Type:
Educational Exhibit
Keywords:
Not applicable, Ischaemia / Infarction, Imaging sequences, Diagnostic procedure, MR, CT, Neuroradiology brain, CNS, Neuro
Authors:
L. Guirado Isla, I. Garrido Márquez, P. PÉREZ NARANJO, M. Revelles Paniza, J. A. Miras Ventura, L. Díaz Rubia, C. Martínez Martínez, M. Fernández Conesa; Granada/ES
DOI:
10.26044/ecr2020/C-12465
Background
Ischemic stroke constitutes a pathology with a great social impact due to its frequency, mortality and potential physical sequelae, with a worldwide incidence of approximately 200 cases per 100,000 inhabitants/year according to the World Health Organization. It consists of an interruption in cerebral circulation that leads to a significant decrease in blood flow, associated with a neurological deficit.
It is usually of thromboembolic etiology, produced up to 35% by occlusion of a large intracranial vessel (distal internal carotid artery, proximal middle cerebral artery or basilar artery), followed by occlusion of arterial branches and small perforating vessels. Less frequently they are secondary to arterial dissection.
Age, history of previous stroke, hypertension, smoking, diabetes mellitus or heart disease have been described as risk factors.
Pathophysiology: when vascular occlusion occurs there is a decrease in oxygen and glucose levels that triggers a cascade of compensatory mechanisms and ultimately generates necrosis of the affected territory.
In this context it is necessary to define two concepts: ischemic core and penumbra (Fig. 1).

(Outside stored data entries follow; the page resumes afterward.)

text \<open>Row \<open>k\<close> of \<open>M(t)\<close> sums over a window of column indices whose two ends move right by 0 or 1
  from one row to the next (because \<open>a < b\<close>), and which is never empty (because \<open>b < c\<close>).
  Follow the entries of the first window along tracks: whenever the whole window shifts, the entry
  leaving on the left hands its label to the entry entering on the right, so each label occupies at
  most one entry per window. The potential of row \<open>k\<close> measures the part of the window that is not
  a multiple of \<open>z 0\<close> carried along the track of 0; it starts at 0 and grows by at most the sum of
  the moduli of two consecutive rows of \<open>M(t) z\<close>. If the track of 0 met another surviving track in
  row \<open>K = Q\<close>, the indicator of the two tracks would be a 0-1 vector with \<open>K + 1\<close> consecutive rows
  equal to 2. Hence in row \<open>Q\<close> the entry \<open>z 0\<close> is controlled by the potential and the row itself,
  so \<open>|z 0|\<close> is at most twice the sum of the moduli of rows \<open>0, \<dots>, Q\<close>; the wider range of rows
  and the factor \<open>b/c\<close> in the statement are slack.\<close>

lemma ceiling_add_less_one:
  fixes x d :: real
  assumes "0 \<le> d" "d < 1"
  shows "\<lceil>x + d\<rceil> = \<lceil>x\<rceil> \<or> \<lceil>x + d\<rceil> = \<lceil>x\<rceil> + 1"
proof -
  have "\<lceil>x\<rceil> \<le> \<lceil>x + d\<rceil>" using assms by (intro ceiling_mono) simp
  moreover have "x + d \<le> of_int (\<lceil>x\<rceil> + 1)" using assms le_of_int_ceiling[of x] by simp linarith
  then have "\<lceil>x + d\<rceil> \<le> \<lceil>x\<rceil> + 1" by (simp only: ceiling_le_iff)
  ultimately show ?thesis by linarith
qed

lemma Mapply_eq_window_sum:
  assumes "0 < b"
  shows "Mapply a b c t x m =
    (\<Sum>v\<in>{\<lceil>(a * of_int m - t) / b\<rceil>..<\<lceil>(a * of_int m - t + c) / b\<rceil>}. x v)"
proof -
  have "{k. 0 \<le> t - a * of_int m + b * of_int k \<and> t - a * of_int m + b * of_int k < c}
        = {\<lceil>(a * of_int m - t) / b\<rceil>..<\<lceil>(a * of_int m - t + c) / b\<rceil>}"
    using assms by (auto simp: ceiling_le_iff less_ceiling_iff pos_divide_le_eq
        pos_less_divide_eq mult.commute)
  then show ?thesis unfolding Mapply_def by simp
qed

lemma Qabc_ge_run:
  assumes "x \<in> Bvec" and "\<And>j. j < n \<Longrightarrow> Mapply a b c t x (m + int j) = 2" and "0 < n"
  shows "enat n \<le> Qabc a b c"
proof -
  have run: "\<forall>j. j < n \<longrightarrow> m + int j \<in> Kset a b c t x"
    using assms(2) by (simp add: Kset_def)
  then have "Kset a b c t x \<noteq> {}" using assms(3) by blast
  moreover have "enat n \<le> Sup {enat n |n. \<exists>m. \<forall>j. j < n \<longrightarrow> m + int j \<in> Kset a b c t x}"
    using run by (intro Sup_upper) blast
  ultimately have "enat n \<le> Qtx a b c t x" by (simp add: Qtx_def)
  also have "Qtx a b c t x \<le> Qabc a b c"
    unfolding Qabc_def by (rule SUP_upper2[of t], simp, rule SUP_upper[OF assms(1)])
  finally show ?thesis .
qed

lemma sum_atMost_le_sum_multiples:
  fixes f :: "int \<Rightarrow> real" and a X :: real
  assumes "0 < a" and "a * real K \<le> X" and "\<And>m. 0 \<le> f m"
  shows "(\<Sum>k\<le>K. f (int k)) \<le> (\<Sum>m\<in>{m. 0 \<le> a * of_int m \<and> a * of_int m \<le> X}. f m)"
proof -
  let ?I = "{m. 0 \<le> a * of_int m \<and> a * of_int m \<le> X}"
  have "?I \<subseteq> {0..\<lceil>X / a\<rceil>}"
  proof
    fix m assume "m \<in> ?I"
    then have "0 \<le> m" "of_int m \<le> X / a"
      using assms(1) by (auto simp: zero_le_mult_iff pos_le_divide_eq mult.commute)
    then show "m \<in> {0..\<lceil>X / a\<rceil>}" by (simp add: le_ceiling_iff)
  qed
  then have "finite ?I" by (rule finite_subset) simp
  moreover have "int ` {..K} \<subseteq> ?I"
    using assms(1,2) by (auto intro: order_trans[of _ "a * real K"])
  ultimately have "(\<Sum>m\<in>int ` {..K}. f m) \<le> (\<Sum>m\<in>?I. f m)"
    using assms(3) by (intro sum_mono2)
  then show ?thesis by (simp add: sum.reindex)
qed

lemma sum_consecutive_pairs_le:
  fixes f :: "nat \<Rightarrow> real"
  assumes "\<And>j. 0 \<le> f j"
  shows "(\<Sum>j<K. f j + f (Suc j)) + f K \<le> 2 * (\<Sum>k\<le>K. f k)"
  by (induction K) (auto simp: assms)

locale sliding_window =
  fixes L R :: "nat \<Rightarrow> int"
  assumes L_Suc: "L (Suc k) = L k \<or> L (Suc k) = L k + 1"
    and R_Suc: "R (Suc k) = R k \<or> R (Suc k) = R k + 1"
    and L_less_R: "L k < R k"
begin

abbreviation window :: "nat \<Rightarrow> int set" where
  "window k \<equiv> {L k..<R k}"

lemma R_mono: "k \<le> k' \<Longrightarrow> R k \<le> R k'"
proof (induction k' rule: dec_induct)
  case (step n)
  then show ?case using R_Suc[of n] by linarith
qed simp

primrec track :: "nat \<Rightarrow> int \<Rightarrow> int option" where
  "track 0 = (\<lambda>v. if v \<in> window 0 then Some v else None)"
| "track (Suc k) = (if L (Suc k) = L k + 1 \<and> R (Suc k) = R k + 1
                     then (track k)(R k := track k (L k)) else track k)"

definition tracks :: "nat \<Rightarrow> int set" where
  "tracks k = {q. \<exists>v\<in>window k. track k v = Some q}"

definition track_count :: "nat \<Rightarrow> int \<Rightarrow> nat" where
  "track_count k q = card {v\<in>window k. track k v = Some q}"

lemma track_beyond_window: "R k \<le> v \<Longrightarrow> track k v = None"
proof (induction k arbitrary: v)
  case (Suc k)
  then show ?case using R_Suc[of k] by auto
qed simp

lemma track_stable:
  assumes "v < R k" and "k \<le> k'"
  shows "track k' v = track k v"
  using assms(2)
proof (induction k' rule: dec_induct)
  case (step n)
  have "R k \<le> R n" using step.hyps(1) by (rule R_mono)
  then show ?case using step.IH assms(1) by auto
qed simp

lemma track_count_Suc_le: "track_count (Suc k) q \<le> track_count k q"
proof -
  let ?S' = "{v\<in>window (Suc k). track (Suc k) v = Some q}"
  let ?S = "{v\<in>window k. track k v = Some q}"
  define f where "f v = (if v = R k then L k else v)" for v
  have none: "track k (R k) = None" by (rule track_beyond_window) simp
  then have entering: "v \<in> ?S' \<Longrightarrow> v = R k \<Longrightarrow>
      L (Suc k) = L k + 1 \<and> R (Suc k) = R k + 1 \<and> track k (L k) = Some q" for v
    by (auto split: if_splits)
  have "f ` ?S' \<subseteq> ?S"
  proof
    fix w assume "w \<in> f ` ?S'"
    then obtain v where v: "v \<in> ?S'" and w: "w = f v" by auto
    show "w \<in> ?S"
    proof (cases "v = R k")
      case True
      then show ?thesis using entering[OF v] w L_less_R[of k] by (simp add: f_def)
    next
      case False
      then have "v < R k" "L k \<le> v" using v R_Suc[of k] L_Suc[of k] by auto
      then show ?thesis using v w False by (auto simp: f_def split: if_splits)
    qed
  qed
  moreover have "inj_on f ?S'"
  proof (rule inj_onI)
    fix v w assume v: "v \<in> ?S'" and w: "w \<in> ?S'" and "f v = f w"
    then show "v = w"
      using entering[OF v] entering[OF w] L_less_R[of k]
      by (cases "v = R k"; cases "w = R k") (auto simp: f_def)
  qed
  ultimately have "card ?S' \<le> card ?S"
    by (intro card_inj_on_le) (auto simp del: atLeastLessThan_iff)
  then show ?thesis unfolding track_count_def .
qed

lemma track_count_antimono: "k \<le> k' \<Longrightarrow> track_count k' q \<le> track_count k q"
proof (induction k' rule: dec_induct)
  case (step n)
  then show ?case using track_count_Suc_le[of n q] by linarith
qed simp

lemma track_count_eq_one:
  assumes "q \<in> tracks K" and "k \<le> K"
  shows "track_count k q = 1"
proof -
  have "{v\<in>window 0. track 0 v = Some q} \<subseteq> {q}" by auto
  then have "track_count 0 q \<le> 1" unfolding track_count_def
    using card_mono[of "{q}"] by fastforce
  moreover have "track_count K q \<ge> 1"
    using assms(1) by (auto simp: tracks_def track_count_def card_gt_0_iff Suc_le_eq
        simp del: atLeastLessThan_iff)
  ultimately show ?thesis
    using track_count_antimono[OF assms(2), of q] track_count_antimono[of 0 k q] by linarith
qed

lemma window_card_two_tracks:
  assumes "p \<in> tracks K" "q \<in> tracks K" "p \<noteq> q" "k \<le> K"
  shows "card {v\<in>window k. track K v \<in> {Some p, Some q}} = 2"
proof -
  have "{v\<in>window k. track K v \<in> {Some p, Some q}}
      = {v\<in>window k. track k v = Some p} \<union> {v\<in>window k. track k v = Some q}"
    using track_stable[of _ k K] assms(4) by auto
  also have "card \<dots> = track_count k p + track_count k q"
    unfolding track_count_def using assms(3)
    by (subst card_Un_disjoint) (auto simp del: atLeastLessThan_iff)
  finally show ?thesis using track_count_eq_one assms by simp
qed

abbreviation window_sum :: "(int \<Rightarrow> 'a::comm_monoid_add) \<Rightarrow> nat \<Rightarrow> 'a" where
  "window_sum z k \<equiv> \<Sum>v\<in>window k. z v"

definition residual :: "(int \<Rightarrow> 'a::real_normed_vector) \<Rightarrow> int \<Rightarrow> nat \<Rightarrow> int \<Rightarrow> real" where
  "residual z p k v = (case track k v of
      None \<Rightarrow> norm (z v)
    | Some q \<Rightarrow> if q = p then norm (z v - z p) else 0)"

definition potential :: "(int \<Rightarrow> 'a::real_normed_vector) \<Rightarrow> int \<Rightarrow> nat \<Rightarrow> real" where
  "potential z p k = (\<Sum>v\<in>window k. residual z p k v) + (if p \<in> tracks k then 0 else norm (z p))"

lemma residual_nonneg: "0 \<le> residual z p k v"
  by (auto simp: residual_def split: option.splits)

lemma potential_0:
  assumes "p \<in> window 0"
  shows "potential z p 0 = 0"
proof -
  have "p \<in> tracks 0" using assms by (auto simp: tracks_def)
  moreover have "residual z p 0 v = 0" if "v \<in> window 0" for v
    using that by (simp add: residual_def)
  ultimately show ?thesis by (simp add: potential_def)
qed

lemma window_insert_left: "window k = insert (L k) {L k + 1..<R k}"
  using L_less_R[of k] by auto

lemma window_insert_right: "{l..<R k + 1} = insert (R k) {l..<R k}" if "l \<le> R k"
  using that by auto

lemma potential_Suc_grow:
  assumes "L (Suc k) = L k" and "R (Suc k) = R k + 1"
  shows "potential z p (Suc k) \<le> potential z p k + norm (window_sum z k) + norm (window_sum z (Suc k))"
proof -
  have none: "track k (R k) = None" by (rule track_beyond_window) simp
  have track: "track (Suc k) = track k" using assms(1) by simp
  have window: "window (Suc k) = insert (R k) (window k)"
    using assms L_less_R[of k] by (simp add: window_insert_right)
  have "tracks (Suc k) = tracks k"
    using none by (auto simp: tracks_def track window simp del: track.simps)
  moreover have "(\<Sum>v\<in>window (Suc k). residual z p (Suc k) v)
      = norm (z (R k)) + (\<Sum>v\<in>window k. residual z p k v)"
    using none by (simp add: window residual_def track del: track.simps)
  moreover have "z (R k) = window_sum z (Suc k) - window_sum z k" by (simp add: window)
  then have "norm (z (R k)) \<le> norm (window_sum z (Suc k)) + norm (window_sum z k)"
    by (simp only: norm_triangle_ineq4)
  ultimately show ?thesis by (simp add: potential_def)
qed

The term core refers to infarcted brain tissue adjacent to the occlusion, with poor or absent blood flow, while penumbra includes viable ischemic tissue with low blood flow, maintained by collateral circulation. The latter can persist until 12-24 h after the onset of acute clinical episode.
As a result of these processes edema appears, on the one hand of the cytotoxic type secondary to the failure of the cell membrane potential, and on the other vasogenic due to the alteration of the blood-brain barrier.
In the acute phase there is a predominance of the edema, while in the subacute phase the swelling decreases and the blood-brain barrier repair takes place. Finally, during the chronic phase the lesion can remain as an area of encephalomalacia.